• [YOUR ASSIGNMENT]: Copy each line of the material in which the word "measure" appears.
▽
lemma ordered_blowup_in_dense_family:
  fixes \<delta> :: real
  assumes "0 < r" "0 < \<delta>"
  shows "\<exists>g0. \<forall>(G :: 'a::linorder set) H. finite G \<longrightarrow> g0 \<le> card G \<longrightarrow> H \<subseteq> [G]\<^bsup>t\<^esup> \<longrightarrow>
           \<delta> * real (card G choose t) \<le> real (card H) \<longrightarrow> (\<exists>u. ordered_blowup t r u G H)"
  using assms(2)
proof (induction t arbitrary: \<delta>)
  case 0
  have "ordered_blowup 0 r u G H" if "H \<subseteq> [G]\<^bsup>0\<^esup>" "\<delta> * 1 \<le> real (card H)" for u and G :: "'a set" and H
  proof -
    have "H = {{}}" using that 0 by (auto simp: subset_singleton_iff)
    then show ?thesis by (simp add: ordered_blowup_def)
  qed
  then show ?case by auto
next
  case (Suc t)
  define \<beta> where "\<beta> = \<delta> / (8 * (real t + 1))"
  have \<beta>: "0 < \<beta>" using Suc.prems by (simp add: \<beta>_def)
  define \<delta>' where "\<delta>' = 2 * \<beta> * (2 * \<beta> / real r) ^ r"
  have "0 < \<delta>'" using \<beta> assms(1) by (simp add: \<delta>'_def)
  then obtain g0' where g0': "\<And>(G :: 'a set) H. finite G \<Longrightarrow> g0' \<le> card G \<Longrightarrow> H \<subseteq> [G]\<^bsup>t\<^esup> \<Longrightarrow>
      \<delta>' * real (card G choose t) \<le> real (card H) \<Longrightarrow> \<exists>u. ordered_blowup t r u G H"
    using Suc.IH by blast
  show ?case
  proof (intro exI[of _ "max g0' (max (2 * t) (max r (nat \<lceil>real r / (2 * \<beta>)\<rceil>)))"] allI impI)
    fix G :: "'a set" and H
    assume G: "finite G" "max g0' (max (2 * t) (max r (nat \<lceil>real r / (2 * \<beta>)\<rceil>))) \<le> card G"
      and H: "H \<subseteq> [G]\<^bsup>Suc t\<^esup>" "\<delta> * real (card G choose Suc t) \<le> real (card H)"
    have g: "g0' \<le> card G" "2 * t \<le> card G" "r \<le> card G" "real r \<le> 2 * \<beta> * real (card G)"
      using G(2) \<beta> by (auto simp: field_simps)
    obtain Z where "Z \<in> [G]\<^bsup>r\<^esup>" "\<delta>' * real (card G choose t) \<le> real (card {P\<in>[G]\<^bsup>t\<^esup>. Z \<subseteq> upper_link G H P})"
      using obtain_rich_upper_link[OF G(1) g(2,3) assms(1) \<beta> g(4) H(1)] H(2) by (auto simp: \<beta>_def \<delta>'_def)
    moreover obtain u where "ordered_blowup t r u G {P\<in>[G]\<^bsup>t\<^esup>. Z \<subseteq> upper_link G H P}"
      using g0'[OF G(1) g(1), of "{P\<in>[G]\<^bsup>t\<^esup>. Z \<subseteq> upper_link G H P}"] calculation(2) by auto
    ultimately show "\<exists>u. ordered_blowup (Suc t) r u G H"
      by (intro ordered_blowup_extend) (auto simp: nsets_def)
  qed
qed
(* Let $Y$ be a random variable whose moment generating function $E[e^{tY}]$ exists for $|t|<r_0$ for some $r_0>0$. Let $(Y_j)_{j\ge1}$ be mutually independent copies of $Y$, $S_0=0$, $S_k=Y_1+\cdots+Y_k$ for $k\ge1$. Let $r$ be a positive integer and define the probabilistic bivariate $r$-Bell polynomials $\phi_{n,r}^Y(x,y)$ by $$\Big(1+y\big(E[e^{Yt}]-1\big)\Big)^{x}e^{rt}=\sum_{n=0}^{\infty}\phi_{n,r}^Y(x,y)\frac{t^n}{n!}.$$ Then for every $n\ge0$, $$\phi_{n,r}^Y(x,y)=\sum_{k=0}^{n}{n+r\brace k+r}_{r,Y}(x)_k\,y^k,$$ where ${n+r\brace k+r}_{r,Y}=\frac{1}{k!}\sum_{j=0}^{k}\binom{k}{j}(-1)^{k-j}E\big[(S_j+r)^n\big]$ for $n\ge k\ge0$.
   Context: $(x)_0=1$, $(x)_k=x(x-1)\cdots(x-k+1)$ for $k\ge1$. The power $(1+u)^x$ is understood via the binomial series $\sum_{k\ge0}\binom{x}{k}u^k$ and the identity is one of power series in $t$; $x,y$ are variables. The numbers ${n+r\brace k+r}_{r,Y}$ are the probabilistic $r$-Stirling numbers of the second kind associated with $Y$. *)

theory Defs
  imports "HOL-Probability.Probability" "HOL-Computational_Algebra.Formal_Power_Series"
begin

definition falling_fact :: "real \<Rightarrow> nat \<Rightarrow> real" where
  "falling_fact x k = (\<Prod>i<k. x - real i)"

text \<open>Moment generating function E[e^{tY}] as a formal power series in t:
  sum over n of E[Y^n] t^n / n!.\<close>
definition mgf_fps :: "'a measure \<Rightarrow> ('a \<Rightarrow> real) \<Rightarrow> real fps" where
  "mgf_fps M Y = Abs_fps (\<lambda>n. (\<integral>\<omega>. (Y \<omega>) ^ n \<partial>M) / fact n)"

text \<open>Probabilistic bivariate r-Bell polynomials: n! times the t^n coefficient of
  (1 + y (E[e^{Yt}] - 1))^x e^{rt}, where (1+u)^x is the binomial series
  sum_k (x choose k) u^k, i.e. fps_binomial x composed with u.\<close>
definition prob_r_bell :: "'a measure \<Rightarrow> ('a \<Rightarrow> real) \<Rightarrow> nat \<Rightarrow> nat \<Rightarrow> real \<Rightarrow> real \<Rightarrow> real" where
  "prob_r_bell M Y r n x y =
     fact n * fps_nth ((fps_binomial x oo (fps_const y * (mgf_fps M Y - 1))) * fps_exp (real r)) n"

definition partial_sum :: "(nat \<Rightarrow> 'a \<Rightarrow> real) \<Rightarrow> nat \<Rightarrow> 'a \<Rightarrow> real" where
  "partial_sum Ys j \<omega> = (\<Sum>i\<in>{1..j}. Ys i \<omega>)"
△
• [ANSWER TO THE EXERCISE]:
definition mgf_fps :: "'a measure \<Rightarrow> ('a \<Rightarrow> real) \<Rightarrow> real fps" where
definition prob_r_bell :: "'a measure \<Rightarrow> ('a \<Rightarrow> real) \<Rightarrow> nat \<Rightarrow> nat \<Rightarrow> real \<Rightarrow> real \<Rightarrow> real" where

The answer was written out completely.